蒼穹の魔王 ~F-2乗りのクソバカエース、異世界にて絶望的劣勢を覆す~ 作:サークル『熊の巣穴』
央暦1969年8月23日
北部藩 石射飛行場
葦原国大和幕府空軍第1航空団『彰義隊』第1中隊『ペンギン』
志村“Chase”良介二等空尉
夜の激闘から2日経ち。
別行動していた哲也らベテラン組は良介たちより遅れて石射飛行場に戻って来た。
「ボス。
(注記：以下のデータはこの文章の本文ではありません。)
(* Let $A$ be a uniformly random $k\times n$ binary matrix, $\mathbf{s}$ a uniformly random $k$-bit binary vector, and $\mathbf{z}=f(\mathbf{s}A)+\mathbf{v}$ where the bits of $\mathbf{v}\in\{0,1\}^D$ are i.i.d. Bernoulli. Let $\mathbf{c}$ be a uniformly random $n$-bit vector chosen independently of everything else. For $i\in\{1,\dots,k\}$, let $A'$ be the matrix obtained from $A$ by replacing its $i$-th row $(A)_i$ with $(A)_i+\mathbf{c}$, and let $hyb_i$ denote the distribution of the bitstring $\langle A',\mathbf{z}\rangle$. If $s_i=1$, then $hyb_i$ is the uniform distribution on $\{0,1\}^{kn+D}$.
   Context: All arithmetic is over $GF(2)$; $+$ denotes XOR. The function $f:\{0,1\}^n\to\{0,1\}^D$: given positive integers $n,p$ with $D=n-p$ and a Boolean function $g:\{0,1\}^p\to\{0,1\}$ whose algebraic normal form contains only non-linear terms (every monomial has degree at least two), $f(\mathbf{x})=\mathbf{y}$ has bits $y_i=x_i+g(x_{i+1},\dots,x_{i+p})$ for $1\le i\le D$. Such $f$ maps the uniform distribution on $\{0,1\}^n$ to the uniform distribution on $\{0,1\}^D$. *)

theory Defs
  imports "HOL-Probability.Probability"
begin

(* Bits are bool, XOR is (\<noteq>). Bit vectors are bool lists; a k x n matrix is a list of
   k rows, each a bool list of length n. All indices are 0-based. *)

(* Evaluation of an algebraic normal form given as a finite set S of monomials,
   each monomial being a set of variable indices: XOR over M \<in> S of AND_{j \<in> M} x_j *)
definition anf_eval :: "nat set set \<Rightarrow> bool list \<Rightarrow> bool" where
  "anf_eval S xs = odd (card {M \<in> S. \<forall>j\<in>M. xs ! j})"

definition nonlinear_anf :: "nat \<Rightarrow> (bool list \<Rightarrow> bool) \<Rightarrow> bool" where
  "nonlinear_anf p g \<longleftrightarrow> (\<exists>S. finite S \<and> (\<forall>M\<in>S. M \<subseteq> {..<p} \<and> card M \<ge> 2) \<and>
        (\<forall>xs. length xs = p \<longrightarrow> g xs = anf_eval S xs))"

(* f : {0,1}^n \<rightarrow> {0,1}^D, y_i = x_i + g(x_{i+1},...,x_{i+p}) (0-based), D = n - p *)
definition fmap :: "(bool list \<Rightarrow> bool) \<Rightarrow> nat \<Rightarrow> nat \<Rightarrow> bool list \<Rightarrow> bool list" where
  "fmap g n p x = map (\<lambda>i. x ! i \<noteq> g (take p (drop (i+1) x))) [0..<n-p]"

definition vecmat :: "nat \<Rightarrow> bool list \<Rightarrow> bool list list \<Rightarrow> bool list" where
  "vecmat n s A = map (\<lambda>j. odd (card {l. l < length s \<and> s ! l \<and> A ! l ! j})) [0..<n]"
lemma holder_norm01_dyadic_remainder_le:
  fixes f :: "real \<Rightarrow> real"
  assumes cf: "continuous_on {0..1} f" and \<alpha>: "0 < \<alpha>" "\<alpha> \<le> 1" and c: "0 < c"
    and level: "\<And>i. n \<le> i \<Longrightarrow> \<forall>t\<in>{0..1}.
      \<bar>dyadic_interp f (Suc i) t - dyadic_interp f i t\<bar> \<le> \<rho> * 2 powr (- (c + \<alpha>) * real (Suc i))"
  shows "holder_norm01 \<alpha> (\<lambda>t. f t - dyadic_interp f n t)
    \<le> ereal (2 * \<rho> * (2 powr - c) ^ Suc n / (1 - 2 powr - c))"
proof (rule holder_norm01_le)
  fix s t :: real assume st: "0 \<le> s" "s < t" "t \<le> 1"
  define q :: real where "q = 2 powr - c"
  have q: "0 < q" "q < 1" using c by (auto simp: q_def intro: powr_less_one)
  define u where "u m = dyadic_interp f m s - dyadic_interp f m t" for m
  have "u \<longlonglongrightarrow> f s - f t"
    unfolding u_def using st by (intro tendsto_diff dyadic_interp_tendsto[OF cf]) auto
  moreover have "\<bar>u (Suc i) - u i\<bar> \<le> (2 * \<rho> * (t - s) powr \<alpha>) * q ^ Suc i" if "n \<le> i" for i
  proof -
    have "\<bar>u (Suc i) - u i\<bar>
        \<le> 2 * (\<rho> * 2 powr (- (c + \<alpha>) * real (Suc i))) * (2 ^ Suc i * (t - s)) powr \<alpha>"
      using dyadic_piecewise_affine_holder[OF dyadic_interp_Suc_diff_piecewise_affine
          level[OF that] st \<alpha>]
      by (simp add: u_def algebra_simps)
    also have "(2 ^ Suc i * (t - s)) powr \<alpha> = 2 powr (\<alpha> * real (Suc i)) * (t - s) powr \<alpha>"
    proof -
      have "(2 ^ Suc i * (t - s)) powr \<alpha> = (2 ^ Suc i) powr \<alpha> * (t - s) powr \<alpha>"
        by (rule powr_mult)
      moreover have "(2::real) ^ Suc i = 2 powr real (Suc i)" by (rule powr_realpow[symmetric]) simp
      ultimately show ?thesis by (simp only: powr_powr mult.commute)
    qed
    also have "2 powr (- (c + \<alpha>) * real (Suc i)) * 2 powr (\<alpha> * real (Suc i)) = q ^ Suc i"
      by (simp add: q_def powr_realpow[symmetric] powr_powr powr_add[symmetric] algebra_simps)
    ultimately show ?thesis by (simp add: ac_simps)
  qed
  ultimately have "\<bar>(f s - f t) - u n\<bar> \<le> (2 * \<rho> * (t - s) powr \<alpha>) * q ^ Suc n / (1 - q)"
    by (rule tail_bound_of_geometric_increments[OF _ q])
  then show "\<bar>(f s - dyadic_interp f n s) - (f t - dyadic_interp f n t)\<bar>
    \<le> 2 * \<rho> * (2 powr - c) ^ Suc n / (1 - 2 powr - c) * (t - s) powr \<alpha>"
    by (simp add: u_def q_def algebra_simps)
qed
急に戻ってきて、一体何してたんだ?」
彼らが帰還すると聞いた良介は早速、駐機場で彼らを出迎えた。
すると、普段気力が充ち満ちている彼らの顔に強い疲労が浮かんでいるのが見えた。
「お前らが智台の攻撃をしてる間に、俺らは武揚に陽動攻撃をしてたんだよ」
思えば、智台は奥葦原随一の規模を持つ都市である。
そこを艦隊含む部隊で強襲して、増援のひとつもやって来ないのは奇妙に思えていた。
なるほど。
良介たちが問題なく攻撃を続けられたのは、哲也たちが首都の敵を攻撃して増援の余力を奪っていたおかげだったのだ。
「でも、陽動攻撃にしては規模が大きくないか?」
「連中の悪夢を現実的にするには、そこそこ大きな規模がいるからな。
陽動攻撃で大被害受けてちゃ世話ない、手練れが必要だったんだよ」
かつて智台で行った、果ての雲に隠れながら行った奇襲。
これにより政府側は果ての海側すべての沿岸部で警戒を強化する必要が出てしまった。
そこに、占領したものとはいえ首都奇襲。
奥葦原軽視の葦原政府がどちらを優先するかは考えるまでもない。
「そっちも大した被害を受けずに終わったらしいな。
ジジイどもに感謝しろよ? お前らの苦労を俺達が代わったんだ」
「わかってるよ。ありがとうご老体がた」
すると、新選組の隊長である歳三から鋭い視線が浴びせられた。
俺は年寄りではない、と言わんばかりである。
「……俺はまだ年寄りではない」
実際に言った。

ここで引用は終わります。